- Opening Delimiter -

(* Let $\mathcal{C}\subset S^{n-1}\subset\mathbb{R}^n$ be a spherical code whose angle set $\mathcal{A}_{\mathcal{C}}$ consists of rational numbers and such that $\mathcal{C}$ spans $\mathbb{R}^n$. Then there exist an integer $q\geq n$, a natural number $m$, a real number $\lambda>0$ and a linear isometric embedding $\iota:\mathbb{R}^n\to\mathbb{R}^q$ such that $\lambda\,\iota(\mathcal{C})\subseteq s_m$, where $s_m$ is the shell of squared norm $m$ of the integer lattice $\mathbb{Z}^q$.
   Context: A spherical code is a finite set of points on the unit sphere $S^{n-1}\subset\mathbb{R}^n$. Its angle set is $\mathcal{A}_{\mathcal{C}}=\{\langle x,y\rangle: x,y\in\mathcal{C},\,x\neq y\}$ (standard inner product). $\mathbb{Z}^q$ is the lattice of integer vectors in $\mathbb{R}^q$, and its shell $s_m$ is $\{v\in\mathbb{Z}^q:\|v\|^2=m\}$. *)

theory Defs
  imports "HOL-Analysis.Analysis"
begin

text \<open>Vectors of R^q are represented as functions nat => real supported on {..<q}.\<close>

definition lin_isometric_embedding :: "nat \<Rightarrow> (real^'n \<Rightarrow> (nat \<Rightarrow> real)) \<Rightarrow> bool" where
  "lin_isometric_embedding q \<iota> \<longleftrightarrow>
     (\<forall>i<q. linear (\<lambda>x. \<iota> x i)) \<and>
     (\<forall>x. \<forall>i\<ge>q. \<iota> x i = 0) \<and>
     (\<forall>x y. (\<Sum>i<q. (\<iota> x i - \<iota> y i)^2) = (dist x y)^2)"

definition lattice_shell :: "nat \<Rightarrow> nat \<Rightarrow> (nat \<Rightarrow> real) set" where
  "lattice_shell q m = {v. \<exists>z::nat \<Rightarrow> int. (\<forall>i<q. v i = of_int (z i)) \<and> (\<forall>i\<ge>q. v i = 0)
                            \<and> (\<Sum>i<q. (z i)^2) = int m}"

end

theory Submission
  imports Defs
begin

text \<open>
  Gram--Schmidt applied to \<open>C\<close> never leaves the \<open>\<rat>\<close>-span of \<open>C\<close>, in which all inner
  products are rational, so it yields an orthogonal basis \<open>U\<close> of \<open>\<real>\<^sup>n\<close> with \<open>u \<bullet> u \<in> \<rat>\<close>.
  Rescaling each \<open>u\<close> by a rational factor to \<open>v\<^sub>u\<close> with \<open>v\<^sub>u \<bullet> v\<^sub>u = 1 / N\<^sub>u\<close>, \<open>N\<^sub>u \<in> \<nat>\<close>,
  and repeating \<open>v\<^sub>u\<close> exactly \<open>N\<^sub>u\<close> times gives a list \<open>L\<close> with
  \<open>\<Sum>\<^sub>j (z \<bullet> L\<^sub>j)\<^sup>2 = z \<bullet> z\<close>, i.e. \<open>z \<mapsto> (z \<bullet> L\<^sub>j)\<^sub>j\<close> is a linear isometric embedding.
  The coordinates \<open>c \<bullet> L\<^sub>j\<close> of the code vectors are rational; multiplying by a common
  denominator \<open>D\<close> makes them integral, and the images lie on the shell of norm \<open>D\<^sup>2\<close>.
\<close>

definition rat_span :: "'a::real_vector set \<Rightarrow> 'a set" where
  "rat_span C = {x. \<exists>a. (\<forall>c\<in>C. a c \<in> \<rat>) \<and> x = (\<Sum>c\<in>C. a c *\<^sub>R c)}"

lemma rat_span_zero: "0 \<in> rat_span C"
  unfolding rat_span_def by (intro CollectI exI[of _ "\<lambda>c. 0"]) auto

- Closing Delimiter -

WHAT IS NEEDED — Above are the records; copy exactly the lines from the line with "(real^'n \<Rightarrow> (nat" through the line with "set \<Rightarrow> 'a", both included.

ANSWER FOR THE TASK —
definition lin_isometric_embedding :: "nat \<Rightarrow> (real^'n \<Rightarrow> (nat \<Rightarrow> real)) \<Rightarrow> bool" where
  "lin_isometric_embedding q \<iota> \<longleftrightarrow>
     (\<forall>i<q. linear (\<lambda>x. \<iota> x i)) \<and>
     (\<forall>x. \<forall>i\<ge>q. \<iota> x i = 0) \<and>
     (\<forall>x y. (\<Sum>i<q. (\<iota> x i - \<iota> y i)^2) = (dist x y)^2)"

definition lattice_shell :: "nat \<Rightarrow> nat \<Rightarrow> (nat \<Rightarrow> real) set" where
  "lattice_shell q m = {v. \<exists>z::nat \<Rightarrow> int. (\<forall>i<q. v i = of_int (z i)) \<and> (\<forall>i\<ge>q. v i = 0)
                            \<and> (\<Sum>i<q. (z i)^2) = int m}"

end

theory Submission
  imports Defs
begin

text \<open>
  Gram--Schmidt applied to \<open>C\<close> never leaves the \<open>\<rat>\<close>-span of \<open>C\<close>, in which all inner
  products are rational, so it yields an orthogonal basis \<open>U\<close> of \<open>\<real>\<^sup>n\<close> with \<open>u \<bullet> u \<in> \<rat>\<close>.
  Rescaling each \<open>u\<close> by a rational factor to \<open>v\<^sub>u\<close> with \<open>v\<^sub>u \<bullet> v\<^sub>u = 1 / N\<^sub>u\<close>, \<open>N\<^sub>u \<in> \<nat>\<close>,
  and repeating \<open>v\<^sub>u\<close> exactly \<open>N\<^sub>u\<close> times gives a list \<open>L\<close> with
  \<open>\<Sum>\<^sub>j (z \<bullet> L\<^sub>j)\<^sup>2 = z \<bullet> z\<close>, i.e. \<open>z \<mapsto> (z \<bullet> L\<^sub>j)\<^sub>j\<close> is a linear isometric embedding.
  The coordinates \<open>c \<bullet> L\<^sub>j\<close> of the code vectors are rational; multiplying by a common
  denominator \<open>D\<close> makes them integral, and the images lie on the shell of norm \<open>D\<^sup>2\<close>.
\<close>

definition rat_span :: "'a::real_vector set \<Rightarrow> 'a set" where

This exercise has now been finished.